Quote:"background in theology" - a nice ad homonym attack. Reality is that a degree in theology is equivalent to a degree in voodoo magic. Neither of them studies a scientifically verifiable fact. They are based on current mythologies. So no, I prefer using the critical thinking I have been taught in a scientific based degree to logically analyse and critique mythological texts. I read the xtian NT 3 times to find some sort of coherent meaning. There was none. And for your information, the "ethical theory" which I used was not mine. I wish I could lay claim to it! No, I used the most rigorous ethical system that I had read about to date and that was to be found in Buddhism (also Jainism). The ethical logic in these systems condemns the triumvirate of Abrahamic religions and shines a light on the unwholesomeness of their teachings. Teaching children unwholesome teachings is certainly abusive.[*]
You admitted your Biblical IQ was low in your quaint little story. Since it was clear you have no background in systematic theology or biblical hermeneutics, your analysis couldn't have been thorough...but it does not matter--I granted you (for the sake of this argument only) that you found stories that raise moral questions. The fact that you did not find any meaning in the NT, is an individual matter (because millions do). You are going to have to list out some of the "unwholesome teachings" that rise to the level of abuse. Simply asserting that there are some (over and over) is horrible discussion/argumentation skills.

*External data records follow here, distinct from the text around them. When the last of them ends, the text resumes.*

(* Consider the APT–DIFT game described in the context and suppose the information flow graph $\mathcal G$ is acyclic, with $N$ nodes. Then, under any strategy pair $(p_A,p_D)$, the state space of the APT–DIFT game is acyclic (the directed graph on $\mathbf S$ having an edge $s\to s'$ whenever $P(s,a,d,s')>0$ for some $a\in\mathcal A_A(s)$, $d\in\mathcal A_D(s)$ has no directed cycle), and the game terminates in at most $N+4$ steps, i.e. $T\le N+4$.
   Context: Let $\mathcal G=(V_{\mathcal G},E_{\mathcal G})$ be a finite directed graph (the information flow graph) with $V_{\mathcal G}=\{v_1,\dots,v_N\}$, let $\lambda\subset V_{\mathcal G}$ be a set of entry points and $\mathcal D=\{v_1,\dots,v_q\}\subset V_{\mathcal G}$ a destination set, $FN,FP:V_{\mathcal G}\to(0,1)$ and $\beta>0$. The APT–DIFT game is a two-player stochastic game with state space $\mathbf S=\{v_0,v_1,\dots,v_N,\phi,\tau_A,\tau_B\}$ and initial state $v_0$; the states in $\{\phi,\tau_A,\tau_B\}\cup\mathcal D$ are absorbing with empty action sets, and the game terminates (at time $T$) when an absorbing state is reached. At $v_0$: $\mathcal A_A(v_0)=\lambda$, $\mathcal A_D(v_0)=\{0\}$. At a non-absorbing $s=v_i\in V_{\mathcal G}$: $\mathcal A_A(s)=\{\phi\}\cup\{v_j:(v_i,v_j)\in E_{\mathcal G}\}$, $\mathcal A_D(s)=\{0\}\cup\{v_j:(v_i,v_j)\in E_{\mathcal G}\}$. Transition probabilities $P(s,a,d,s')$: if $d=0$, $s'=a$ with probability $1$; if $d=a$, $s'=a$ with probability $FN(d)$ and $s'=\tau_A$ with probability $1-FN(d)$; if $d\ne0$ and $d\neq a$, $s'=\tau_B$ with probability $FP(d)$ and $s'=a$ with probability $1-FP(d)$. Strategies are stationary mixed strategies assigning to each non-absorbing state a distribution over the player's actions there. *)

theory Defs
  imports "HOL-Probability.Probability_Mass_Function"
begin

datatype 'v gstate = V0 | Node 'v | Phi | TauA | TauB

definition state_space :: "'v set \<Rightarrow> 'v gstate set" where
  "state_space V = {V0, Phi, TauA, TauB} \<union> Node ` V"

definition absorbing :: "'v set \<Rightarrow> 'v gstate \<Rightarrow> bool" where
  "absorbing D s \<longleftrightarrow> s \<in> {Phi, TauA, TauB} \<union> Node ` D"

text \<open>Attacker action sets (actions are target states: phi or a successor node).\<close>
definition act_A :: "('v \<times> 'v) set \<Rightarrow> 'v set \<Rightarrow> 'v set \<Rightarrow> 'v gstate \<Rightarrow> 'v gstate set" where
  "act_A E lam D s = (if absorbing D s then {} else
     (case s of V0 \<Rightarrow> Node ` lam
              | Node v \<Rightarrow> insert Phi {Node w | w. (v, w) \<in> E}
              | _ \<Rightarrow> {}))"

text \<open>Defender action sets: None encodes the action 0, Some w encodes tagging node w.\<close>
definition act_D :: "('v \<times> 'v) set \<Rightarrow> 'v set \<Rightarrow> 'v gstate \<Rightarrow> 'v option set" where
  "act_D E D s = (if absorbing D s then {} else
     (case s of V0 \<Rightarrow> {None}
              | Node v \<Rightarrow> insert None {Some w | w. (v, w) \<in> E}
              | _ \<Rightarrow> {}))"

definition trans_prob :: "('v \<Rightarrow> real) \<Rightarrow> ('v \<Rightarrow> real) \<Rightarrow>
    'v gstate \<Rightarrow> 'v gstate \<Rightarrow> 'v option \<Rightarrow> 'v gstate \<Rightarrow> real" where
  "trans_prob FN FP s a d s' = (case d of
      None \<Rightarrow> (if s' = a then 1 else 0)
    | Some dv \<Rightarrow>
        (if Node dv = a then
           (if s' = a then FN dv else 0) + (if s' = TauA then 1 - FN dv else 0)
         else
           (if s' = TauB then FP dv else 0) + (if s' = a then 1 - FP dv else 0)))"

definition state_graph :: "'v set \<Rightarrow> ('v \<times> 'v) set \<Rightarrow> 'v set \<Rightarrow> 'v set \<Rightarrow>
    ('v \<Rightarrow> real) \<Rightarrow> ('v \<Rightarrow> real) \<Rightarrow> ('v gstate \<times> 'v gstate) set" where
  "state_graph V E lam D FN FP =
     {(s, s'). s \<in> state_space V \<and> s' \<in> state_space V \<and>
        (\<exists>a \<in> act_A E lam D s. \<exists>d \<in> act_D E D s. trans_prob FN FP s a d s' > 0)}"

definition valid_strategies :: "'v set \<Rightarrow> ('v \<times> 'v) set \<Rightarrow> 'v set \<Rightarrow> 'v set \<Rightarrow>
    ('v gstate \<Rightarrow> 'v gstate pmf) \<Rightarrow> ('v gstate \<Rightarrow> 'v option pmf) \<Rightarrow> bool" where
  "valid_strategies V E lam D pA pD \<longleftrightarrow>
     (\<forall>s \<in> state_space V. \<not> absorbing D s \<longrightarrow>
        set_pmf (pA s) \<subseteq> act_A E lam D s \<and> set_pmf (pD s) \<subseteq> act_D E D s)"

definition is_play :: "'v set \<Rightarrow> ('v \<Rightarrow> real) \<Rightarrow> ('v \<Rightarrow> real) \<Rightarrow>
    ('v gstate \<Rightarrow> 'v gstate pmf) \<Rightarrow> ('v gstate \<Rightarrow> 'v option pmf) \<Rightarrow> (nat \<Rightarrow> 'v gstate) \<Rightarrow> bool" where
  "is_play D FN FP pA pD traj \<longleftrightarrow> traj 0 = V0 \<and>
     (\<forall>k. (\<not> absorbing D (traj k) \<longrightarrow>
            (\<exists>a \<in> set_pmf (pA (traj k)). \<exists>d \<in> set_pmf (pD (traj k)).
               trans_prob FN FP (traj k) a d (traj (Suc k)) > 0)) \<and>
          (absorbing D (traj k) \<longrightarrow> traj (Suc k) = traj k))"

definition term_time :: "'v set \<Rightarrow> (nat \<Rightarrow> 'v gstate) \<Rightarrow> nat" where
  "term_time D traj = (LEAST k. absorbing D (traj k))"

end

theory Submission
  imports Defs
begin

text \<open>Every edge of the state graph leaves v0, enters one of the states phi, tau_A, tau_B
  from a node, or follows an edge of the information flow graph; since v0 has no incoming
  and phi, tau_A, tau_B no outgoing edges, a cycle can only live on the nodes, where it
  would be a cycle of the information flow graph. Along a play every non-absorbing step is
  an edge of the acyclic state graph, so the states visited before absorption are pairwise
  distinct non-absorbing states, of which there are at most N + 1.\<close>

definition skeleton :: "('v \<times> 'v) set \<Rightarrow> ('v gstate \<times> 'v gstate) set" where
  "skeleton E = {V0} \<times> - {V0} \<union> range Node \<times> {Phi, TauA, TauB} \<union> map_prod Node Node ` E"

lemma trancl_skeleton_subset: "(skeleton E)\<^sup>+ \<subseteq> skeleton (E\<^sup>+)"
proof (rule subrelI)
  fix s t assume "(s, t) \<in> (skeleton E)\<^sup>+"
  then show "(s, t) \<in> skeleton (E\<^sup>+)"
    by (induction rule: trancl_induct) (auto simp: skeleton_def intro: trancl_into_trancl)
qed

lemma acyclic_skeleton: "acyclic E \<Longrightarrow> acyclic (skeleton E)"
  using trancl_skeleton_subset by (fastforce simp: acyclic_def skeleton_def)

lemma trans_prob_pos_target:
  assumes "trans_prob FN FP s a d t > 0"
  shows "t = a \<or> t = TauA \<or> t = TauB"
  using assms unfolding trans_prob_def by (auto split: option.splits if_splits)

lemma state_graph_subset_skeleton: "state_graph V E lam D FN FP \<subseteq> skeleton E"
proof (rule subrelI)
  fix s t assume "(s, t) \<in> state_graph V E lam D FN FP"
  then obtain a d where a: "a \<in> act_A E lam D s"
    and d: "d \<in> act_D E D s" and pos: "trans_prob FN FP s a d t > 0"
    unfolding state_graph_def by auto
  show "(s, t) \<in> skeleton E"
  proof (cases s)
    case V0
    then have "d = None" using d by (auto simp: act_D_def split: if_splits)
    then have "t = a" using pos by (auto simp: trans_prob_def split: if_splits)
    then show ?thesis using V0 a by (auto simp: act_A_def skeleton_def split: if_splits)
  next
    case (Node v)
    then show ?thesis using a trans_prob_pos_target[OF pos]
      by (auto simp: act_A_def skeleton_def split: if_splits)
  qed (use a in \<open>auto simp: act_A_def absorbing_def\<close>)
qed

lemma acyclic_state_graph: "acyclic E \<Longrightarrow> acyclic (state_graph V E lam D FN FP)"
  using acyclic_subset[OF acyclic_skeleton state_graph_subset_skeleton] .

lemma trancl_of_walk:
  assumes "\<forall>k < n. (f k, f (Suc k)) \<in> R" and "i < j" and "j \<le> n"
  shows "(f i, f j) \<in> R\<^sup>+"
  using assms(2,3)
proof (induction j)
  case (Suc j)
  then show ?case using assms(1)
    by (cases "i = j") (auto intro: trancl_into_trancl)
qed simp

lemma inj_on_walk_if_acyclic:
  assumes "acyclic R" and "\<forall>k < n. (f k, f (Suc k)) \<in> R"
  shows "inj_on f {..n}"
proof (rule inj_onI)
  have no_return: "f i \<noteq> f j" if "i < j" "j \<le> n" for i j
    using trancl_of_walk[OF assms(2) that] assms(1) by (auto simp: acyclic_def)
  fix i j assume "i \<in> {..n}" "j \<in> {..n}" "f i = f j"
  then show "i = j" using no_return no_return[of j i] by (cases i j rule: linorder_cases) auto
qed

lemma act_A_subset_state_space:
  assumes "lam \<subseteq> V" and "E \<subseteq> V \<times> V"
  shows "act_A E lam D s \<subseteq> state_space V"
  using assms unfolding act_A_def state_space_def by (auto split: gstate.splits)

lemma play_step_in_state_graph:
  assumes "is_play D FN FP pA pD traj" and "valid_strategies V E lam D pA pD"
    and "traj k \<in> state_space V" and "\<not> absorbing D (traj k)"
    and "lam \<subseteq> V" and "E \<subseteq> V \<times> V"
  shows "(traj k, traj (Suc k)) \<in> state_graph V E lam D FN FP"
proof -
  obtain a d where "a \<in> set_pmf (pA (traj k))" and "d \<in> set_pmf (pD (traj k))"
    and pos: "trans_prob FN FP (traj k) a d (traj (Suc k)) > 0"
    using assms(1,4) unfolding is_play_def by blast
  then have a: "a \<in> act_A E lam D (traj k)" and d: "d \<in> act_D E D (traj k)"
    using assms(2-4) unfolding valid_strategies_def by auto
  have "traj (Suc k) \<in> state_space V"
    using trans_prob_pos_target[OF pos] act_A_subset_state_space[OF assms(5,6)] a
    by (auto simp: state_space_def)
  then show ?thesis unfolding state_graph_def using assms(3) a d pos by blast
qed

lemma play_in_state_space:
  assumes "is_play D FN FP pA pD traj" and "valid_strategies V E lam D pA pD"
    and "lam \<subseteq> V" and "E \<subseteq> V \<times> V"
  shows "traj k \<in> state_space V"
proof (induction k)
  case 0
  then show ?case using assms(1) by (simp add: is_play_def state_space_def)
next
  case (Suc k)
  show ?case
  proof (cases "absorbing D (traj k)")
    case True
    then show ?thesis using Suc assms(1) by (simp add: is_play_def)
  next
    case False
    then show ?thesis using play_step_in_state_graph[OF assms(1,2) Suc False assms(3,4)]
      by (simp add: state_graph_def)
  qed
qed

lemma card_non_absorbing_le:
  assumes "finite V"
  shows "card {s \<in> state_space V. \<not> absorbing D s} \<le> card V + 1"
proof -
  have "{s \<in> state_space V. \<not> absorbing D s} \<subseteq> insert V0 (Node ` V)"
    by (auto simp: state_space_def absorbing_def)
  then have "card {s \<in> state_space V. \<not> absorbing D s} \<le> card (insert V0 (Node ` V))"
    using assms by (intro card_mono) auto
  also have "\<dots> \<le> card V + 1"
    using assms by (simp add: card_insert_if card_image inj_on_def)
  finally show ?thesis .
qed

lemma play_absorbed_within:
  assumes "finite V" and "lam \<subseteq> V" and "E \<subseteq> V \<times> V" and "acyclic E"
    and "valid_strategies V E lam D pA pD" and "is_play D FN FP pA pD traj"
  shows "\<exists>k \<le> card V + 1. absorbing D (traj k)"
proof (rule ccontr)
  define n where "n = card V + 1"
  define A where "A = {s \<in> state_space V. \<not> absorbing D s}"
  assume "\<not> (\<exists>k \<le> card V + 1. absorbing D (traj k))"
  then have alive: "traj k \<in> A" if "k \<le> n" for k
    using that play_in_state_space[OF assms(6,5,2,3)] by (auto simp: A_def n_def)
  have "\<forall>k < n. (traj k, traj (Suc k)) \<in> state_graph V E lam D FN FP"
    using alive play_step_in_state_graph[OF assms(6,5) _ _ assms(2,3)] by (simp add: A_def)
  then have "inj_on traj {..n}"
    using inj_on_walk_if_acyclic acyclic_state_graph[OF assms(4)] by blast
  moreover have "finite A" using assms(1) by (simp add: A_def state_space_def)
  ultimately have "card {..n} \<le> card A"
    using alive by (intro card_inj_on_le) auto
  then show False
    using card_non_absorbing_le[OF assms(1), of D] by (simp add: A_def n_def)
qed

theorem theorem4:
  fixes V :: "'v set" and E :: "('v \<times> 'v) set" and lam D :: "'v set"
    and FN FP :: "'v \<Rightarrow> real"
    and pA :: "'v gstate \<Rightarrow> 'v gstate pmf" and pD :: "'v gstate \<Rightarrow> 'v option pmf"
  assumes "finite V" and "E \<subseteq> V \<times> V" and "lam \<subseteq> V" and "D \<subseteq> V"
    and "\<forall>v \<in> V. 0 < FN v \<and> FN v < 1" and "\<forall>v \<in> V. 0 < FP v \<and> FP v < 1"
    and "acyclic E"
    and "valid_strategies V E lam D pA pD"
  shows "acyclic (state_graph V E lam D FN FP) \<and>
         (\<forall>traj. is_play D FN FP pA pD traj \<longrightarrow>
            (\<exists>k. absorbing D (traj k)) \<and> term_time D traj \<le> card V + 4)"
proof (intro conjI allI impI)
  show "acyclic (state_graph V E lam D FN FP)"
    using acyclic_state_graph[OF assms(7)] .
  fix traj assume "is_play D FN FP pA pD traj"
  then obtain k where k: "k \<le> card V + 1" "absorbing D (traj k)"
    using play_absorbed_within[OF assms(1,3,2,7,8)] by blast
  then show "\<exists>k. absorbing D (traj k)" by blast
  have "term_time D traj \<le> k"
    unfolding term_time_def using k(2) by (rule Least_le)
  then show "term_time D traj \<le> card V + 4" using k(1) by simp
qed

end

Quote:I don't see how I am breaking rules when all I have done is discussed a topic that Richard Dawkins has raised and give examples of how it has affected my family in the past. Certainly it is not my intention to offend but by the same token, I will not sit back and pretend this does not happen. I will also not give it more palatable names or disguise it for what it is in a 1984 style newspeak. If this is what gets me banned then I will wear that as a badge of honour, knowing that I have not sat back silently while children are mentally abused. It only takes ethical people to sit back and say nothing for this sort of abuse to continue.[*]
You did NOT give an argument. You said that Dawkins says it. Actually I have The God Delusion open. What page does Dawkins say specifically that "Christians abuse their children" in the same blanket way that you said it? Perhaps with that, we can get some details and you can avoid breaking the rules.